On time scales of most relevance to humans however coral reefs are almost certainly irrelevant to the long term storage of carbon dioxide. Human activities have produced and added more of the gas to the atmosphere in the past century than corals have stored in reefs over the past interglacial period lasting 15,000 years.

So it would appear that coral reefs are not really relevant as carbon sinks. However their die-off isn't a good thing either. Reefs are home to a diverse amount of life forms.

See: Ecology and biodiversity of coral reefs

Some of these endangered reef life may hold the key to future medicine, so if they are gone, that's it.
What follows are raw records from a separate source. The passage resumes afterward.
lemma change_of_basis:
  "good_bases p f rA a rB b scale M phi iota e (\<lambda>i. fb0 i + scale (Y i) (e i))
     (\<lambda>i. x0 i - mulA i * Y i + mulB i * frob p (Y (prv f i)))"
  unfolding good_bases_def
proof (intro allI impI conjI)
  fix i assume i: "i < f"
  have pi: "prv f i < f" using prv_lt[OF i] .
  define fb where "fb j = fb0 j + scale (Y j) (e j)" for j
  have fbM: "fb j \<in> M j" if "j < f" for j
    unfolding fb_def using subspace_add[OF subM[OF that]] fb0[OF that] eM[OF that] by blast
  have prj_fb: "prj i (fb i) = 1"
    unfolding fb_def using prj_add[OF i] fb0[OF i] eM[OF i] prj_e[OF i] by simp
  show "e i \<in> M i" using eM[OF i, of 1] by simp
  show "fb0 i + scale (Y i) (e i) \<in> M i" using fbM[OF i] unfolding fb_def .
  show "range (iota i) = range (\<lambda>c. scale c (e i))" using iota_e[OF i] by auto
  show "phi i (e (prv f i)) = scale (fps_const (coefi b i) * fps_X ^ rB i) (e i)"
    using phi_e[OF i] unfolding mulB_def .
  show "\<forall>m\<in>M i. \<exists>!cd. m = scale (fst cd) (e i) + scale (snd cd) (fb0 i + scale (Y i) (e i))"
    using basis_of_lift[OF i fbM[OF i] prj_fb] unfolding fb_def by blast
  have "phi i (fb (prv f i)) = phi i (fb0 (prv f i)) + phi i (scale (Y (prv f i)) (e (prv f i)))"
    unfolding fb_def using phi_add[OF i] fb0[OF pi] eM[OF pi] by blast
  also have "\<dots> = scale (mulA i) (fb0 i) + scale (x0 i + frob p (Y (prv f i)) * mulB i) (e i)"
    using phi_fb0[OF i] phi_scale[OF i] phi_e[OF i] eM[OF pi, of 1]
    by (simp add: scale_left_distrib)
  also have "\<dots> = scale (mulA i) (fb i) + scale (x0 i - mulA i * Y i + mulB i * frob p (Y (prv f i))) (e i)"
    unfolding fb_def by (simp add: algebra_simps scale_left_distrib scale_right_distrib scale_left_diff_distrib)
  finally show "phi i (fb0 (prv f i) + scale (Y (prv f i)) (e (prv f i)))
      = scale (fps_const (coefi a i) * fps_X ^ rA i) (fb0 i + scale (Y i) (e i))
        + scale (x0 i - mulA i * Y i + mulB i * frob p (Y (prv f i))) (e i)"
    unfolding fb_def mulA_def .
qed

end

section \<open>Killing the coefficients of the extension class\<close>

lemma split_off_monomial:
  fixes x :: "'k::comm_ring_1 fps"
  assumes "d \<le> N" and "\<And>n. d \<le> n \<Longrightarrow> n \<noteq> N \<Longrightarrow> fps_nth x n = 0"
  shows "\<exists>q c. deg_less q d \<and> x = q + fps_const c * fps_X ^ N"
proof -
  define q where "q = Abs_fps (\<lambda>n. if n < d then fps_nth x n else 0)"
  have "x = q + fps_const (fps_nth x N) * fps_X ^ N"
    by (rule fps_ext) (use assms in \<open>auto simp: q_def\<close>)
  moreover have "deg_less q d" unfolding deg_less_def q_def by simp
  ultimately show ?thesis by blast
qed

text \<open>With \<open>x0\<close> the coordinates for some initial choice of bases, \<open>twisted y\<close> are the
  coordinates after the change of basis given by the coefficients \<open>y (i, k)\<close> of \<open>Y i\<close>.\<close>
locale coefficient_problem = reduction_graph p f r J
  for p f :: nat and r :: "nat \<Rightarrow> nat" and J :: "nat set" +
  fixes a b :: "'k::field" and x0 :: "nat \<Rightarrow> 'k fps"
  assumes a0: "a \<noteq> 0"
begin

definition twisted :: "(nat \<times> nat \<Rightarrow> 'k) \<Rightarrow> nat \<Rightarrow> 'k fps" where
  "twisted y i = x0 i - fps_const (coefi a i) * fps_X ^ hJ i * Abs_fps (\<lambda>k. y (i, k))
     + fps_const (coefi b i) * fps_X ^ (r i - hJ i) * frob p (Abs_fps (\<lambda>k. y (prv f i, k)))"

definition target :: "nat \<times> nat \<Rightarrow> 'k" where
  "target n = fps_nth (x0 (fst n)) (snd n + hJ (fst n)) / coefi a (fst n)"

definition ratio :: "nat \<times> nat \<Rightarrow> 'k" where
  "ratio n = coefi b (fst n) / coefi a (fst n)"

lemma twisted_coeff_vanishes:
  assumes i: "i < f" and hn: "hJ i \<le> n"
    and rec: "y (i, n - hJ i) = target (i, n - hJ i)
               + ratio (i, n - hJ i) * (case step (i, n - hJ i) of None \<Rightarrow> 0 | Some m \<Rightarrow> y m)"
  shows "fps_nth (twisted y i) n = 0"
proof -
  define k where "k = n - hJ i"
  have n: "n = k + hJ i" unfolding k_def using hn by simp
  define T where "T = (if n < r i - hJ i then 0
     else if p dvd (n - (r i - hJ i)) then y (prv f i, (n - (r i - hJ i)) div p) else 0)"
  have "(case step (i, k) of None \<Rightarrow> 0 | Some m \<Rightarrow> y m) = T"
    unfolding step_def T_def using i n by auto
  then have "y (i, k) = target (i, k) + ratio (i, k) * T" using rec unfolding k_def by simp
  moreover have "fps_nth (twisted y i) n = fps_nth (x0 i) n - coefi a i * y (i, k) + coefi b i * T"
    unfolding twisted_def T_def using hn k_def
    by (simp add: mult.assoc fps_X_power_mult_nth frob_nth)
  moreover have "coefi a i \<noteq> 0" using a0 by (simp add: coefi_def)
  ultimately show ?thesis unfolding target_def ratio_def using n by (simp add: field_simps)
qed

lemma cycle_ratio:
  assumes cy: "itr step f u = Some u"
  shows "cycle_mult step ratio f u = b / a"
proof -
  have "cycle_mult step ratio f u = (\<Prod>l<f. (\<lambda>j. coefi b j / coefi a j) (fst (the (itr step l u))))"
    unfolding cycle_mult_def ratio_def by simp
  also have "\<dots> = coefi b 0 / coefi a 0"
    by (rule cycle_prod_at_zero[OF cy cycle_index[OF cy]]) (simp add: coefi_def)
  finally show ?thesis by (simp add: coefi_def)
qed
(* Let $\alpha\in(r_2,1)$ and $\mathcal{E}=\{T_{A_2}\leq N^{2\alpha}\}$. Then for every $N\geq1$, $$\sup_{x\in A_1}P^{\overline\mu}_x[\mathcal{E}^c]\leq C_4\exp(-C_5N^{c_6}),\qquad\sup_{x\in A_1}P_x[\mathcal{E}^c]\leq C_4'\exp(-C_5'N^{c_6'}),$$ with positive constants depending on $\alpha$.
   Context: Standing setting. $d\geq3$; $P_x$ is the law of continuous-time simple random walk $(X_t)$ on $\mathbb{Z}^d$ with jump rate 1 started at $x$; $T_K=\inf\{t\geq0:X_t\notin K\}$. $B_r\subseteq\mathbb{R}^d$ open Euclidean ball of radius $r$ at $0$; $B(x,r)=\{y\in\mathbb{Z}^d:|y-x|_\infty\leq r\}$; $x\sim y$ means $|x-y|=1$. $D\subseteq\mathbb{R}^d$ is either the closure of a smooth bounded domain containing $0$ or the closure of an open sup-norm ball containing $0$; $r_D=\sup\{|x|:x\in D\}$; $D^\delta$ its closed $\delta$-neighbourhood. Let $\mathfrak{r}\geq0$ be an integer, $F:[0,\infty)^{B(0,\mathfrak{r})}\to[0,\infty)$ measurable with $F(0)=0$, $F\not\equiv0$, $F$ non-decreasing in each argument, and $F(\ell+\ell')\leq F(\ell)+c_1(\mathbf{1}_{\{\ell'\neq0\}}+\sum_{|x|_\infty\leq\mathfrak{r}}\ell'_x)$; $\vartheta(u)=\mathbb{E}[F((\mathcal{L}^u_y)_{y\in B(0,\mathfrak{r})})]$ with $(\mathcal{L}^u_x)$ the occupation-time field of continuous-time random interlacements at level $u$; $\vartheta_\infty=\lim_{u\to\infty}\vartheta(u)$; $\mathcal{I}_D(\mu)=\inf\{\frac{1}{2d}\int|\nabla\psi|^2:\psi\in D^{1,2}(\mathbb{R}^d),\frac{1}{|D|}\int_D\vartheta(\psi^2)\geq\mu\}$. Fix $\nu\in(0,\vartheta_\infty)$, $\delta\in(0,1\wedge(r_D/2))$, an integer $\mathcal{R}>4r_D$, and $\varphi:\mathbb{R}^d\to\mathbb{R}$ with: $\varphi\in C^\infty(\overline{B_{\mathcal{R}}})$, $\mathrm{supp}\,\varphi=\overline{B_{\mathcal{R}}}$, $\varphi>0$ on $B_{\mathcal{R}}$; $\varphi$ harmonic on $B_{\mathcal{R}}\setminus D^\delta$; $\nu(1+\delta)\leq\frac{1}{|D|}\int_D\vartheta(\varphi^2)\leq\nu(1+2\delta)$ and $\mathcal{I}_D(\nu+\delta)\leq\frac{1}{2d}\int|\nabla\varphi|^2\leq\mathcal{I}_D(\nu+2\delta)$. $\varphi_N(x)=\varphi(x/N)$. Fix $\eta\in(0,\mathcal{R}/100)$, $x_0\in(ND^\delta)\cap\mathbb{Z}^d$, reals $0<r_1<\dots<r_5<\frac14$ with $r_1(d-2)+r_5<1$, $r_1<\frac{d-2}{d-1}r_2$, and small $\widetilde\delta>0$; $A_j=B(x_0,\lfloor N^{r_j}\rfloor)$, $1\leq j\leq5$, $A_6=B(x_0,\lfloor\widetilde\delta N/100\rfloor)\subseteq(NB_{\mathcal{R}-\eta})\cap\mathbb{Z}^d$ for all $N$. Let $\varphi_N^{\mathrm{per}}$ be the $(2\lfloor N^{r_5}\rfloor+3)$-periodic extension to $\mathbb{Z}^d$ of the restriction of $\varphi_N$ to $B(x_0,\lfloor N^{r_5}\rfloor+1)$, and set $\overline\mu_{x,y}=\frac{1}{2d}\varphi_N^{\mathrm{per}}(x)\varphi_N^{\mathrm{per}}(y)$ for $x\sim y$ and $\overline\nu_x=(\varphi_N^{\mathrm{per}})^2(x)$. $P^{\overline\mu}_x$ is the law of the continuous-time Markov chain on $\mathbb{Z}^d$ started at $x$ with generator $g\mapsto\sum_{y\sim x}\frac{\overline\mu_{x,y}}{\overline\nu_x}(g(y)-g(x))$. Constants may depend on $d,\varphi,\delta,\mathcal{R},\eta,(r_j),\widetilde\delta$ but not on $N$ or $x_0$. *)

theory Defs
  imports "HOL-Analysis.Analysis" "HOL-Probability.Probability"
begin
definition cocycle23 ::
  "('k::field \<Rightarrow> 'v::ab_group_add \<Rightarrow> 'v) \<Rightarrow> ('k \<Rightarrow> 'w::ab_group_add \<Rightarrow> 'w) \<Rightarrow>
   ('v \<Rightarrow> 'v) \<Rightarrow> ('v \<Rightarrow> 'v \<Rightarrow> 'v) \<Rightarrow> ('v \<Rightarrow> 'v \<Rightarrow> 'v \<Rightarrow> 'v) \<Rightarrow>
   ('w \<Rightarrow> 'w) \<Rightarrow> ('v \<Rightarrow> 'w \<Rightarrow> 'w) \<Rightarrow> ('v \<Rightarrow> 'v \<Rightarrow> 'w \<Rightarrow> 'w) \<Rightarrow> ('v \<Rightarrow> 'v \<Rightarrow> 'w \<Rightarrow> 'w) \<Rightarrow>
   ('v \<Rightarrow> 'v \<Rightarrow> 'w) \<Rightarrow> ('v \<Rightarrow> 'v \<Rightarrow> 'v \<Rightarrow> 'w) \<Rightarrow> bool" where
  "cocycle23 sc scw \<alpha> b t \<beta> \<rho> D \<theta> \<nu> \<omega> \<longleftrightarrow>
    bilinear_map sc scw \<nu> \<and> trilinear_map sc scw \<omega> \<and>
    (\<forall>x1 x2. \<nu> x1 x2 = - \<nu> x2 x1) \<and>
    (\<forall>x1 x2 x3. \<omega> x1 x2 x3 = - \<omega> x2 x1 x3) \<and>
    (\<forall>x1 x2. \<nu> (\<alpha> x1) (\<alpha> x2) = \<beta> (\<nu> x1 x2)) \<and>
    (\<forall>x1 x2 x3. \<omega> (\<alpha> x1) (\<alpha> x2) (\<alpha> x3) = \<beta> (\<omega> x1 x2 x3)) \<and>
    (\<forall>x1 x2 x3.
       (\<omega> x1 x2 x3 - \<rho> (\<alpha> x1) (\<nu> x2 x3) + \<nu> (b x1 x2) (\<alpha> x3))
     + (\<omega> x2 x3 x1 - \<rho> (\<alpha> x2) (\<nu> x3 x1) + \<nu> (b x2 x3) (\<alpha> x1))
     + (\<omega> x3 x1 x2 - \<rho> (\<alpha> x3) (\<nu> x1 x2) + \<nu> (b x3 x1) (\<alpha> x2)) = 0) \<and>
    (\<forall>x1 x2 x3 y1.
       (\<theta> (\<alpha> x1) (\<alpha> y1) (\<nu> x2 x3) + \<omega> (b x1 x2) (\<alpha> x3) (\<alpha> y1))
     + (\<theta> (\<alpha> x2) (\<alpha> y1) (\<nu> x3 x1) + \<omega> (b x2 x3) (\<alpha> x1) (\<alpha> y1))
     + (\<theta> (\<alpha> x3) (\<alpha> y1) (\<nu> x1 x2) + \<omega> (b x3 x1) (\<alpha> x2) (\<alpha> y1)) = 0) \<and>
    (\<forall>x1 x2 y1 y2.
       \<omega> (\<alpha> x1) (\<alpha> x2) (b y1 y2) + D (\<alpha> x1) (\<alpha> x2) (\<nu> y1 y2) =
       \<nu> (t x1 x2 y1) (\<alpha> (\<alpha> y2)) + \<nu> (\<alpha> (\<alpha> y1)) (t x1 x2 y2)
       + \<rho> (\<alpha> (\<alpha> y1)) (\<omega> x1 x2 y2) - \<rho> (\<alpha> (\<alpha> y2)) (\<omega> x1 x2 y1)) \<and>
    (\<forall>x1 x2 y1 y2 y3.
       \<omega> (\<alpha> (\<alpha> x1)) (\<alpha> (\<alpha> x2)) (t y1 y2 y3) + D (\<alpha> (\<alpha> x1)) (\<alpha> (\<alpha> x2)) (\<omega> y1 y2 y3) =
       \<omega> (t x1 x2 y1) (\<alpha> (\<alpha> y2)) (\<alpha> (\<alpha> y3))
       + \<omega> (\<alpha> (\<alpha> y1)) (t x1 x2 y2) (\<alpha> (\<alpha> y3))
       + \<omega> (\<alpha> (\<alpha> y1)) (\<alpha> (\<alpha> y2)) (t x1 x2 y3)
       + \<theta> (\<alpha> (\<alpha> y2)) (\<alpha> (\<alpha> y3)) (\<omega> x1 x2 y1)
       - \<theta> (\<alpha> (\<alpha> y1)) (\<alpha> (\<alpha> y3)) (\<omega> x1 x2 y2)
       + D (\<alpha> (\<alpha> y1)) (\<alpha> (\<alpha> y2)) (\<omega> x1 x2 y3))"
lemma convex_on_Gmax:
  assumes "compact Delta" "Delta \<noteq> {}"
    and cont: "\<And>y. y \<in> X \<Longrightarrow> continuous_on Delta (g y)"
    and conv: "\<And>d. d \<in> Delta \<Longrightarrow> convex_on X (\<lambda>y. g y d)"
  shows "convex_on X (Gmax g Delta)"
proof
  show "convex X" using conv \<open>Delta \<noteq> {}\<close> by (auto simp: convex_on_def)
  fix t :: real and y z assume t: "0 < t" "t < 1" and "y \<in> X" "z \<in> X"
  show "Gmax g Delta ((1 - t) *\<^sub>R y + t *\<^sub>R z) \<le> (1 - t) * Gmax g Delta y + t * Gmax g Delta z"
    unfolding Gmax_def[of g Delta "(1 - t) *\<^sub>R y + t *\<^sub>R z"]
  proof (rule cSUP_least[OF \<open>Delta \<noteq> {}\<close>])
    fix d assume "d \<in> Delta"
    have "g ((1 - t) *\<^sub>R y + t *\<^sub>R z) d \<le> (1 - t) * g y d + t * g z d"
      using conv[OF \<open>d \<in> Delta\<close>] t \<open>y \<in> X\<close> \<open>z \<in> X\<close> by (intro convex_onD) auto
    also have "\<dots> \<le> (1 - t) * Gmax g Delta y + t * Gmax g Delta z"
      using le_Gmax[OF \<open>compact Delta\<close> cont \<open>d \<in> Delta\<close>] \<open>y \<in> X\<close> \<open>z \<in> X\<close> t
      by (intro add_mono mult_left_mono) auto
    finally show "g ((1 - t) *\<^sub>R y + t *\<^sub>R z) d \<le> (1 - t) * Gmax g Delta y + t * Gmax g Delta z" .
  qed
qed

lemma convex_on_weighted_average_le:
  assumes conv: "convex_on X \<phi>" and "finite B" "B \<noteq> {}"
    and pos: "\<And>k. k \<in> B \<Longrightarrow> \<gamma> k > 0" and mem: "\<And>k. k \<in> B \<Longrightarrow> x k \<in> X"
    and le: "\<And>k. k \<in> B \<Longrightarrow> \<phi> (x k) \<le> c + \<psi> k"
  shows "\<phi> ((\<Sum>k\<in>B. \<gamma> k *\<^sub>R x k) /\<^sub>R (\<Sum>k\<in>B. \<gamma> k)) \<le> c + (\<Sum>k\<in>B. \<gamma> k * \<psi> k) / (\<Sum>k\<in>B. \<gamma> k)"
proof -
  define \<Gamma> where "\<Gamma> = (\<Sum>k\<in>B. \<gamma> k)"
  have "\<Gamma> > 0" unfolding \<Gamma>_def using \<open>finite B\<close> \<open>B \<noteq> {}\<close> pos by (intro sum_pos) auto
  have "(\<Sum>k\<in>B. \<gamma> k / \<Gamma>) = 1" using \<open>\<Gamma> > 0\<close> by (simp add: \<Gamma>_def flip: sum_divide_distrib)
  moreover have "(\<Sum>k\<in>B. \<gamma> k *\<^sub>R x k) /\<^sub>R \<Gamma> = (\<Sum>k\<in>B. (\<gamma> k / \<Gamma>) *\<^sub>R x k)"
    by (simp add: scaleR_sum_right divide_inverse mult.commute)
  ultimately have "\<phi> ((\<Sum>k\<in>B. \<gamma> k *\<^sub>R x k) /\<^sub>R \<Gamma>) \<le> (\<Sum>k\<in>B. \<gamma> k / \<Gamma> * \<phi> (x k))"
    using convex_on_sum[OF \<open>finite B\<close> \<open>B \<noteq> {}\<close> conv, of "\<lambda>k. \<gamma> k / \<Gamma>" x] pos mem \<open>\<Gamma> > 0\<close>
    by (simp add: less_imp_le)
  also have "\<dots> \<le> (\<Sum>k\<in>B. \<gamma> k / \<Gamma> * (c + \<psi> k))"
    using pos le \<open>\<Gamma> > 0\<close> by (intro sum_mono mult_left_mono) (auto simp: less_imp_le)
  also have "\<dots> = c * (\<Sum>k\<in>B. \<gamma> k / \<Gamma>) + (\<Sum>k\<in>B. \<gamma> k * \<psi> k) / \<Gamma>"
    by (simp add: distrib_left sum.distrib sum_distrib_left sum_divide_distrib mult_ac add_divide_distrib)
  also have "\<dots> = c + (\<Sum>k\<in>B. \<gamma> k * \<psi> k) / \<Gamma>"
    using \<open>(\<Sum>k\<in>B. \<gamma> k / \<Gamma>) = 1\<close> by simp
  finally show ?thesis unfolding \<Gamma>_def .
qed

lemma is_subgradient_gap:
  assumes "is_subgradient \<phi> X x h" "u \<in> X"
  shows "\<phi> x - \<phi> u \<le> inner h (x - u)"
  using assms by (auto simp: is_subgradient_def inner_diff_right)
posted on Mar, 21 2006 @ 01:45 PM
"The rotten sore in the face of Mother Earth gets bigger. The trigger's cold after ya pull it."

posted on Mar, 21 2006 @ 01:54 PM
I heard today that ocean fish supply is drastically threatened as well.
I dont want to lead away from the topic, because i see a connection...
nations meet to discuss depleted ocean fishing stocks

Our oceans are changing... that means everything, since the oceans are the earths major "organs" all rolled into one.

losing the coral maybe analogous to losing our lungs lining cells... (which would kill us eventually)

lets hope the temps go down again... but alas... not likely to happen for many centuries...

Too bad no one listened when all those Greenpeace wackos were trying to save the lives of our childrens children...
now its too late... so who is wacky now?